■ Records for the exercise:
lemma F_pos_below_roots:
  assumes roots: "{x. F x = 0} = {\<alpha>, \<beta>}" and "\<alpha> < \<beta>" and p: "0 \<le> p" "p < \<alpha>"
  shows "0 < F p"
proof (rule ccontr)
  assume "\<not> 0 < F p"
  moreover have "continuous_on {0..p} F" unfolding F_def by (intro continuous_intros)
  moreover have "0 \<le> F 0" unfolding F_def by simp
  ultimately obtain x where "0 \<le> x" "x \<le> p" "F x = 0"
    using IVT2'[of F p 0 0] p by auto
  then have "x \<in> {\<alpha>, \<beta>}" using roots by blast
  then show False using \<open>x \<le> p\<close> \<open>\<alpha> < \<beta>\<close> p by auto
qed

theorem mainTheorem5:
  fixes \<alpha> \<beta> :: real
  assumes roots: "{x. F x = 0} = {\<alpha>, \<beta>}" and "0 < \<alpha>" and "\<alpha> < \<beta>" and "\<beta> < 1"
  shows
  "(\<forall>p. 0 < p \<and> p < 1 \<longrightarrow>
      (let v = (1, 0, p * (1 - sqrt (1 - p)) / (2 * sqrt (1 - p) + p - 2))
       in (v \<in> U p \<or> - v \<in> U p) \<and> critical p v))
   \<and> (\<forall>p. 8/9 < p \<and> p < 1 \<longrightarrow>
      (\<forall>\<sigma> \<in> {1, -1::real}.
        let r = sqrt (9 * p\<^sup>2 - 8 * p);
            v = (-1, 0, p * (3 * p + \<sigma> * r) / (2 * (p + \<sigma> * r)))
        in (v \<in> U p \<or> - v \<in> U p) \<and> critical p v))
   \<and> (\<forall>p. 0 < p \<and> p < \<alpha> \<longrightarrow>
      (\<forall>\<sigma> \<in> {1, -1::real}.
        let s = sqrt (F p);
            v = (p\<^sup>2 - 4 * p + 2 + \<sigma> * s, \<sigma> * 2 * s, p\<^sup>2 + 2 * p - 2 - \<sigma> * s)
        in (v \<in> U p \<or> - v \<in> U p) \<and> critical p v))"
proof -
  have "p < 2/5 \<and> 0 < F p" if "0 < p" "p < \<alpha>" for p
    using F_root_le_two_fifths[OF roots \<open>\<alpha> < \<beta>\<close>] F_pos_below_roots[OF roots \<open>\<alpha> < \<beta>\<close>] that by auto
  then show ?thesis
    using critical_point_family1 critical_point_family2 critical_point_family3 by blast
qed

end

■ Work request: The data above must be restated word for word.

■ Output for this task:
lemma F_pos_below_roots:
  assumes roots: "{x. F x = 0} = {\<alpha>, \<beta>}" and "\<alpha> < \<beta>" and p: "0 \<le> p" "p < \<alpha>"
  shows "0 < F p"
proof (rule ccontr)
  assume "\<not> 0 < F p"
  moreover have "continuous_on {0..p} F" unfolding F_def by (intro continuous_intros)
  moreover have "0 \<le> F 0" unfolding F_def by simp
  ultimately obtain x where "0 \<le> x" "x \<le> p" "F x = 0"
    using IVT2'[of F p 0 0] p by auto
  then have "x \<in> {\<alpha>, \<beta>}" using roots by blast
  then show False using \<open>x \<le> p\<close> \<open>\<alpha> < \<beta>\<close> p by auto
qed

theorem mainTheorem5:
  fixes \<alpha> \<beta> :: real
  assumes roots: "{x. F x = 0} = {\<alpha>, \<beta>}" and "0 < \<alpha>" and "\<alpha> < \<beta>" and "\<beta> < 1"
  shows
  "(\<forall>p. 0 < p \<and> p < 1 \<longrightarrow>
      (let v = (1, 0, p * (1 - sqrt (1 - p)) / (2 * sqrt (1 - p) + p - 2))
       in (v \<in> U p \<or> - v \<in> U p) \<and> critical p v))
   \<and> (\<forall>p. 8/9 < p \<and> p < 1 \<longrightarrow>
      (\<forall>\<sigma> \<in> {1, -1::real}.
        let r = sqrt (9 * p\<^sup>2 - 8 * p);
            v = (-1, 0, p * (3 * p + \<sigma> * r) / (2 * (p + \<sigma> * r)))
        in (v \<in> U p \<or> - v \<in> U p) \<and> critical p v))
   \<and> (\<forall>p. 0 < p \<and> p < \<alpha> \<longrightarrow>
      (\<forall>\<sigma> \<in> {1, -1::real}.
        let s = sqrt (F p);
            v = (p\<^sup>2 - 4 * p + 2 + \<sigma> * s, \<sigma> * 2 * s, p\<^sup>2 + 2 * p - 2 - \<sigma> * s)
        in (v \<in> U p \<or> - v \<in> U p) \<and> critical p v))"
proof -
  have "p < 2/5 \<and> 0 < F p" if "0 < p" "p < \<alpha>" for p
    using F_root_le_two_fifths[OF roots \<open>\<alpha> < \<beta>\<close>] F_pos_below_roots[OF roots \<open>\<alpha> < \<beta>\<close>] that by auto
  then show ?thesis
    using critical_point_family1 critical_point_family2 critical_point_family3 by blast
qed

end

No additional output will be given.